Set down all of the entries exactly, leaving nothing out.

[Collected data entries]
--------------------
(* Let $G$ be a 3-connected cubic near-bipartite graph with removable doubleton $\{e_1,e_2\}$, let $H=G-\{e_1,e_2\}$ have bipartition $(U,W)$ with both ends of $e_1$ in $U$ (and hence both ends of $e_2$ in $W$), and let $\partial(X)$ be a nontrivial 3-cut of $G$. Then $|X|$ is odd and both $G/X$ and $G/\overline{X}$ are 3-connected cubic graphs. Moreover, if $|X\cap U|\ge |X\cap W|$, then: (i) $|X\cap U|=|X\cap W|+1$; (ii) $\partial(X)$ is a good cut of $G$ if and only if both ends of $e_1$ lie in $X\cap U$, both ends of $e_2$ lie in $\overline{X}\cap W$, $|E_G[X\cap U,\overline{X}\cap W]|=2$, and $E_G[X\cap W,\overline{X}\cap U]$ consists of exactly one edge $zw$ with $w\in X\cap W$. In this case $zw$ is nonremovable in $G$, $G/\overline{X}$ (with contracted vertex $\overline{x}$) is near-bipartite with removable doubleton $\{e_1,w\overline{x}\}$, and $G/X$ (with contracted vertex $x$) is near-bipartite with removable doubleton $\{e_2,zx\}$.
   Context: Graphs may have multiple edges but no loops. An edge is admissible if it lies in some perfect matching; a connected graph with at least two vertices is matching covered if every edge is admissible; an edge $e$ of a matching covered graph $G$ is removable if $G-e$ is matching covered. A nonbipartite matching covered graph $G$ is near-bipartite if it has a pair of edges $\{e_1,e_2\}$ (a removable doubleton) such that $G-\{e_1,e_2\}$ is bipartite matching covered. For $X\subseteq V(G)$, $\overline{X}=V(G)\setminus X$, $\partial(X)$ is the set of edges with one end in $X$ and one in $\overline{X}$; it is a $k$-cut if $|\partial(X)|=k$, and nontrivial if $|X|\ge2$ and $|\overline{X}|\ge 2$. $G/X$ is the graph obtained by contracting $X$ to a single vertex $x$ (removing edges inside $X$); $G/\overline{X}$ similarly with contracted vertex $\overline{x}$. $E_G[Y,Z]$ is the set of edges with one end in $Y$ and the other in $Z$. For a matching covered $G$, a cut $C=\partial(X)$ is tight if $|M\cap C|=1$ for every perfect matching $M$ of $G$, separating if both $G/X$ and $G/\overline{X}$ are matching covered, and good if it is separating but not tight. *)

theory Defs
  imports Main
begin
--------------------
* **Solution below**
(* Let $G$ be a 3-connected cubic near-bipartite graph with removable doubleton $\{e_1,e_2\}$, let $H=G-\{e_1,e_2\}$ have bipartition $(U,W)$ with both ends of $e_1$ in $U$ (and hence both ends of $e_2$ in $W$), and let $\partial(X)$ be a nontrivial 3-cut of $G$. Then $|X|$ is odd and both $G/X$ and $G/\overline{X}$ are 3-connected cubic graphs. Moreover, if $|X\cap U|\ge |X\cap W|$, then: (i) $|X\cap U|=|X\cap W|+1$; (ii) $\partial(X)$ is a good cut of $G$ if and only if both ends of $e_1$ lie in $X\cap U$, both ends of $e_2$ lie in $\overline{X}\cap W$, $|E_G[X\cap U,\overline{X}\cap W]|=2$, and $E_G[X\cap W,\overline{X}\cap U]$ consists of exactly one edge $zw$ with $w\in X\cap W$. In this case $zw$ is nonremovable in $G$, $G/\overline{X}$ (with contracted vertex $\overline{x}$) is near-bipartite with removable doubleton $\{e_1,w\overline{x}\}$, and $G/X$ (with contracted vertex $x$) is near-bipartite with removable doubleton $\{e_2,zx\}$.
   Context: Graphs may have multiple edges but no loops. An edge is admissible if it lies in some perfect matching; a connected graph with at least two vertices is matching covered if every edge is admissible; an edge $e$ of a matching covered graph $G$ is removable if $G-e$ is matching covered. A nonbipartite matching covered graph $G$ is near-bipartite if it has a pair of edges $\{e_1,e_2\}$ (a removable doubleton) such that $G-\{e_1,e_2\}$ is bipartite matching covered. For $X\subseteq V(G)$, $\overline{X}=V(G)\setminus X$, $\partial(X)$ is the set of edges with one end in $X$ and one in $\overline{X}$; it is a $k$-cut if $|\partial(X)|=k$, and nontrivial if $|X|\ge2$ and $|\overline{X}|\ge 2$. $G/X$ is the graph obtained by contracting $X$ to a single vertex $x$ (removing edges inside $X$); $G/\overline{X}$ similarly with contracted vertex $\overline{x}$. $E_G[Y,Z]$ is the set of edges with one end in $Y$ and the other in $Z$. For a matching covered $G$, a cut $C=\partial(X)$ is tight if $|M\cap C|=1$ for every perfect matching $M$ of $G$, separating if both $G/X$ and $G/\overline{X}$ are matching covered, and good if it is separating but not tight. *)

theory Defs
  imports Main
begin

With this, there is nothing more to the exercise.